Stored items
============================================================

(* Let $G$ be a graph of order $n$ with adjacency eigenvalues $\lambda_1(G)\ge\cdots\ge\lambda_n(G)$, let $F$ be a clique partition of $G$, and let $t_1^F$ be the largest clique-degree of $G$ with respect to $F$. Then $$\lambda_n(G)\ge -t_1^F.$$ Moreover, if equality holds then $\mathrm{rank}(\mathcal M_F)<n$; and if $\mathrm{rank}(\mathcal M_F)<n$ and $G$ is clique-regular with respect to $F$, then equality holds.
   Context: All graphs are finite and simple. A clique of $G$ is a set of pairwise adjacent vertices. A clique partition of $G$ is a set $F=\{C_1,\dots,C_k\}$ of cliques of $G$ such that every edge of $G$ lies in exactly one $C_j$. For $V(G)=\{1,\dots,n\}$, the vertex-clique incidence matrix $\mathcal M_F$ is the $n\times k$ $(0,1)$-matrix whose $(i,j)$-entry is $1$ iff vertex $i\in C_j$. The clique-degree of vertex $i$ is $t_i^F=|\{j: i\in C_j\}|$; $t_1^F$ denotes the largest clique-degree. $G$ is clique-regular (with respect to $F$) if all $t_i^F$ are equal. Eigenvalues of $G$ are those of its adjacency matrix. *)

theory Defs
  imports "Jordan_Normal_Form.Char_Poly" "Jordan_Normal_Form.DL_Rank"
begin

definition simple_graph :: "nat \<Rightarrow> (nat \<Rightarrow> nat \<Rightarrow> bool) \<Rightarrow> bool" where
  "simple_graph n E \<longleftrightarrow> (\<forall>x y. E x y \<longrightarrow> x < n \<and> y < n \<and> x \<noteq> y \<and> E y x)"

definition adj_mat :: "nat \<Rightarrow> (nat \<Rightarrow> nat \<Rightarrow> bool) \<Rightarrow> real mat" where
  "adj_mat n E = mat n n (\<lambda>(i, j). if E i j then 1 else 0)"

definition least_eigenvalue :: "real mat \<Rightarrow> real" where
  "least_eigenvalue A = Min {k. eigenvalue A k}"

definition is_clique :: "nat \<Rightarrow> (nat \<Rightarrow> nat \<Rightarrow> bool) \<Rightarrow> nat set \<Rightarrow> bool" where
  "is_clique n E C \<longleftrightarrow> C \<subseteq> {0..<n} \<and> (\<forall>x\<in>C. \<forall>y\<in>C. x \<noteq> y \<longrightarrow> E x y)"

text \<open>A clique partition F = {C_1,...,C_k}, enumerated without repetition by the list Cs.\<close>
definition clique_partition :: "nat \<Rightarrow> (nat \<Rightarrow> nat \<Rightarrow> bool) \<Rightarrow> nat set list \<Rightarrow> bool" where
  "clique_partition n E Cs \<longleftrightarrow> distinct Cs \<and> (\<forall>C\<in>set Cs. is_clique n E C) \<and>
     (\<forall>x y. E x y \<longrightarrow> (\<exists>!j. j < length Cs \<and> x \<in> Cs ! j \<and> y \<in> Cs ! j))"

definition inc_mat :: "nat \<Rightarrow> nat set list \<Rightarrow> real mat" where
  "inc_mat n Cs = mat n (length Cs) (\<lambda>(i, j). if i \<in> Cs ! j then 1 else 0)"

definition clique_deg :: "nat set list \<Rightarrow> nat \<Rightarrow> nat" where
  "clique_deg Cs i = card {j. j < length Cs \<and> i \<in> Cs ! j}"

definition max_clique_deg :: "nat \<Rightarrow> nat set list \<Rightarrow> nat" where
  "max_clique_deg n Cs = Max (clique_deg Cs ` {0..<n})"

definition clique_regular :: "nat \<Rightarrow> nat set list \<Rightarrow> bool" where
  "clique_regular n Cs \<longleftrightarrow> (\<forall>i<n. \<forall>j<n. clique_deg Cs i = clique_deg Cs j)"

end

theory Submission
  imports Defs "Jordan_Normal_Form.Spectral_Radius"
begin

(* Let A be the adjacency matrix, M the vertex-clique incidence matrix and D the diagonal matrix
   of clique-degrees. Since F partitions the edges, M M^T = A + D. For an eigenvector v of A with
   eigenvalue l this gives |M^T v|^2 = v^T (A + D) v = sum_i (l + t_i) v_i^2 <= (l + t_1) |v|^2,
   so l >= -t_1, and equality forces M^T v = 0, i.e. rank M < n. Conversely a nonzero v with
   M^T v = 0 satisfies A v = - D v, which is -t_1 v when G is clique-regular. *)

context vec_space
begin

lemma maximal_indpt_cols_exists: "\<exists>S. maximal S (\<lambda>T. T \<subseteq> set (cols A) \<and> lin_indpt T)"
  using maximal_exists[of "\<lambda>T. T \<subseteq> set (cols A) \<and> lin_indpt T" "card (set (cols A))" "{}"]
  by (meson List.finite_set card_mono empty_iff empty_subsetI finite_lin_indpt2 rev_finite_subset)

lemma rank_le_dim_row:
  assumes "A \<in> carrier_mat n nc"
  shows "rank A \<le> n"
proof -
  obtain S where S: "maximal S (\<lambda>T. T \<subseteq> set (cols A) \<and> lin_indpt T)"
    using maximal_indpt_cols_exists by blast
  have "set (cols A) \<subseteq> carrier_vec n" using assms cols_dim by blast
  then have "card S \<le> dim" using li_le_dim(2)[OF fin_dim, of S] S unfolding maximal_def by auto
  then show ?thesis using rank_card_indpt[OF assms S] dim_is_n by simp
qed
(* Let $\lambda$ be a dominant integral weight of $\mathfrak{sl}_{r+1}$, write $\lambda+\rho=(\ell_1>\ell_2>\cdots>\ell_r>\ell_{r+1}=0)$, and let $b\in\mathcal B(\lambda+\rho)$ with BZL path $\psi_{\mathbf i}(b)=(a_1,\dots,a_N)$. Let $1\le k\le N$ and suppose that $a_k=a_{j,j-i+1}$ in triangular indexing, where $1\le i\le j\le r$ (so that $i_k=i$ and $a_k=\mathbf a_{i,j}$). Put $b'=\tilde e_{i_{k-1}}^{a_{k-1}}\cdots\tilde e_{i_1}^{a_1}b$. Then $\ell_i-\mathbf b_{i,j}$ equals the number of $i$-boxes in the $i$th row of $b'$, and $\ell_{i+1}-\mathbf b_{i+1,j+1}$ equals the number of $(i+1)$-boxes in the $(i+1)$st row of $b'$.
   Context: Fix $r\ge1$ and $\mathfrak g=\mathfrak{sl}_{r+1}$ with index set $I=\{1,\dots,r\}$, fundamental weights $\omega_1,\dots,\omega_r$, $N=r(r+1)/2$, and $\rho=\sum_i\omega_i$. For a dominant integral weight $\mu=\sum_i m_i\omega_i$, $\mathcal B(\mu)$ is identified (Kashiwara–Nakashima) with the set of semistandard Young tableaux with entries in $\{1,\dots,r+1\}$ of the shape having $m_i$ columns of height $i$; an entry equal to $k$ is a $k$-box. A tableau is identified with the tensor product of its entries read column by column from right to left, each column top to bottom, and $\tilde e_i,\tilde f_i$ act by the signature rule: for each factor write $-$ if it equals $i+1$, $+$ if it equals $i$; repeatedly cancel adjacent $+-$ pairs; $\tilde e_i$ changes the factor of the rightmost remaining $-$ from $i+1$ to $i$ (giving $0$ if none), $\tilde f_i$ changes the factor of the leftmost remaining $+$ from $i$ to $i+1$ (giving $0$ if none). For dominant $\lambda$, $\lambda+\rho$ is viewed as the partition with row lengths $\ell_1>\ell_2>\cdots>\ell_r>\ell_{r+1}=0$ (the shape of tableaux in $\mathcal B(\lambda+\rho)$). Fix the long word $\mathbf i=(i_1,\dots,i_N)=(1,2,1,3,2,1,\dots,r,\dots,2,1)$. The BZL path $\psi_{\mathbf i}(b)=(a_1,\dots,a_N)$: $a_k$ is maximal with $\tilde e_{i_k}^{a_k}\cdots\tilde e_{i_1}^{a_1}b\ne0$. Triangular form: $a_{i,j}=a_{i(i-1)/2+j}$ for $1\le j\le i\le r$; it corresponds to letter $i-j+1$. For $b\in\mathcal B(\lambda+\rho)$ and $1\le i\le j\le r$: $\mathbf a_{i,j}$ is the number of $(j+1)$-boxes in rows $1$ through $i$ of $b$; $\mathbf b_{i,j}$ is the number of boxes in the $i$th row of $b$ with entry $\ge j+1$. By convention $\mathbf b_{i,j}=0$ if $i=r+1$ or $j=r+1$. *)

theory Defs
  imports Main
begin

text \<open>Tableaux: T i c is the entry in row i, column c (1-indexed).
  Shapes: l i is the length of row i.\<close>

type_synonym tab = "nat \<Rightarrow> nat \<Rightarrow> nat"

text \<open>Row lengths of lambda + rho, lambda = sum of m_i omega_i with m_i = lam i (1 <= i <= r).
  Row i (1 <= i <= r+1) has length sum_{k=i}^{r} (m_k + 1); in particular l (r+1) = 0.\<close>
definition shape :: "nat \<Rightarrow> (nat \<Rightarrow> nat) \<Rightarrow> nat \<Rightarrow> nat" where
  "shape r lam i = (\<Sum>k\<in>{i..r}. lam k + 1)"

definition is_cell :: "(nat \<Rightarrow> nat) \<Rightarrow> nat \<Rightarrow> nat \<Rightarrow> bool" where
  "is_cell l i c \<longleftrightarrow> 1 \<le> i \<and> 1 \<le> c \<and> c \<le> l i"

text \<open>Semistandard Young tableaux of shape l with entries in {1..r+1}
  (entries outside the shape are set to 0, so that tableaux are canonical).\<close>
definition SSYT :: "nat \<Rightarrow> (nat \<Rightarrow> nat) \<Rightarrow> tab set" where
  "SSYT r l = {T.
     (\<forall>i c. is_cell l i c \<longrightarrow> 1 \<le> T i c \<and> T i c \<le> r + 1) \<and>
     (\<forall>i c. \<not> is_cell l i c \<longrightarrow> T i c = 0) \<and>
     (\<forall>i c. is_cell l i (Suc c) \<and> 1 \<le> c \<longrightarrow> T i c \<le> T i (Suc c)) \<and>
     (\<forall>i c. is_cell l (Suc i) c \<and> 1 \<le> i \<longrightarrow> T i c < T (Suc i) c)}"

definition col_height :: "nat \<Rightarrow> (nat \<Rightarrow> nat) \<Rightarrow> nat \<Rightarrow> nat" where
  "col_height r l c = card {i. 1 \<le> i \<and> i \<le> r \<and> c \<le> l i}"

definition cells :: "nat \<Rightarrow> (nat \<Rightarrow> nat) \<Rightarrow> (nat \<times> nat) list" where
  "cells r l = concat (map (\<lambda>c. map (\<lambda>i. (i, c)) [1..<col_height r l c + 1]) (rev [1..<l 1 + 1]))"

============================================================

* _TASK REQUIREMENTS_: Filter the entries and copy out every line with the word "blast".

* _YOUR RESPONSE_:
    using maximal_indpt_cols_exists by blast
  have "set (cols A) \<subseteq> carrier_vec n" using assms cols_dim by blast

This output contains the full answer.